O eixo do novo impulso é claro: a prioridade recai sobre a segurança, os transportes e os provvedimenti com prazo para serem finalizados antes do fechamento do mandato. Meloni exigiu dos gabinetes de Palazzo Chigi e dos ministérios uma ricognizione completa dos objetivos e das iniciativas em curso, com a meta de selecionar o que pode e deve ser levado a termo nos próximos meses — uma espécie de revisão dos alicerces para garantir que direitos e serviços cheguem à cidadania.
No encontro, os temas operacionais foram postos na mesa. Além das obrigações de política externa e do compromisso italiano com o incremento da despesa de defesa e o apoio à Ucrânia, o foco voltou-se para as tensões internas, entre as quais a recente onda de disfunções no transporte ferroviário nacional. Em relação a esses episódios, Salvini apontou possíveis causas como o terrorismo, problemas estruturais, furtos de cobre e o corte de cabos como fatores que explicariam os disserviços.
Do lado da premiê, a linha adotada após Ancara é de priorização do palco interno. Durante a viagem, Meloni já havia sinalizado a mudança de marcha: ela decidiu não participar do encontro dos Volenterosi sobre a Ucrânia em Paris, delegando Tajani para representá‑la e explicando que “nenhum descompromisso com a Ucrânia” será feito, mas que ela não pode «desengajar‑se» do governo do país. A frase resume a tensão entre o peso da agenda externa e a necessidade de manter firme a caneta no desenho das políticas domésticas.

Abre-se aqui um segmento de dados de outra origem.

(* Let $A:[0,T]\to\mathbb{C}^{m\times m}$ be continuous, $\|\cdot\|$ a submultiplicative matrix norm, and let $F_n,A_n$ be the Fer sequence: $A_0=A$, $F_{n+1}(t)=\int_0^tA_n(s)ds$, $A_{n+1}=e^{-F_{n+1}}A_ne^{F_{n+1}}-\int_0^1e^{-xF_{n+1}}A_ne^{xF_{n+1}}dx$. Let $M(K)=\int_0^K\frac{1-e^{2x}(1-2x)}{2x}dx$ and let $\xi\approx0.8604065$ be the smallest positive fixed point of $M$. Then for all $n\ge0$ and $t\in[0,T]$, $\int_0^t\|A_n(s)\|ds\le M^{n}\big(\int_0^t\|A(s)\|ds\big)$ (with $M^n$ the $n$-fold iterate), hence $\|F_{n+1}(t)\|\le M^n\big(\int_0^t\|A(s)\|ds\big)$; and if $\int_0^t\|A(s)\|ds<\xi$, then $M^n\big(\int_0^t\|A(s)\|ds\big)\to0$, so $F_n(t)\to0$ as $n\to\infty$ (the Fer expansion converges). *)

theory Defs
  imports "HOL-Analysis.Analysis"
begin

text \<open>Complex m x m matrices are modelled as complex^'m^'m (with the standard
 Euclidean topology; all norms on this finite-dimensional space are equivalent).\<close>

type_synonym 'm cmat = "complex ^ 'm ^ 'm"

primrec mat_pow :: "'m::finite cmat \<Rightarrow> nat \<Rightarrow> 'm cmat" where
  "mat_pow X 0 = mat 1"
| "mat_pow X (Suc k) = X ** mat_pow X k"

definition mexp :: "'m::finite cmat \<Rightarrow> 'm cmat" where
  "mexp X = (\<Sum>k. (1 / fact k) *\<^sub>R mat_pow X k)"

definition mscale :: "complex \<Rightarrow> 'm::finite cmat \<Rightarrow> 'm cmat" where
  "mscale c X = (\<chi> i j. c * X $ i $ j)"

definition submult_matrix_norm :: "('m::finite cmat \<Rightarrow> real) \<Rightarrow> bool" where
  "submult_matrix_norm N \<longleftrightarrow>
     (\<forall>X. N X = 0 \<longleftrightarrow> X = 0) \<and>
     (\<forall>X. 0 \<le> N X) \<and>
     (\<forall>X Y. N (X + Y) \<le> N X + N Y) \<and>
     (\<forall>c X. N (mscale c X) = cmod c * N X) \<and>
     (\<forall>X Y. N (X ** Y) \<le> N X * N Y)"

text \<open>The Fer sequence: fer_A A n = A_n, fer_F A n = F_n (F_0 := 0, unused in the paper).\<close>
primrec fer_A :: "(real \<Rightarrow> 'm::finite cmat) \<Rightarrow> nat \<Rightarrow> real \<Rightarrow> 'm cmat" where
  "fer_A A 0 = A"
| "fer_A A (Suc n) = (\<lambda>t. let F = integral {0..t} (fer_A A n) in
      mexp (- F) ** fer_A A n t ** mexp F
      - integral {0..1} (\<lambda>x. mexp (- (x *\<^sub>R F)) ** fer_A A n t ** mexp (x *\<^sub>R F)))"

No plano internacional, a Itália manteve uma postura de realismo e prudência no encontro da NATO, conciliando o aumento das responsabilidades militares com a busca por diálogo com os Estados Unidos e as preocupações sobre Irã, Defesa e sustentabilidade orçamentária. No terreno interno, a missão de Palazzo Chigi é clara: identificar quais projetos são passíveis de conclusão sem comprometer as contas públicas e a coesão social.
Enquanto se afina a arquitetura da ação governativa para os meses finais, fica o desafio de transformar decisões em serviço público efetivo — derrubar barreiras burocráticas e reconstruir a confiança na infraestrutura do país, peça por peça. A convocação do vertice revela uma administração que pretende trabalhar como engenheiros de políticas públicas, aferindo prioridades, consolidando alicerces e definindo a ponte que ligará as promessas parlamentares à vida cotidiana dos cidadãos.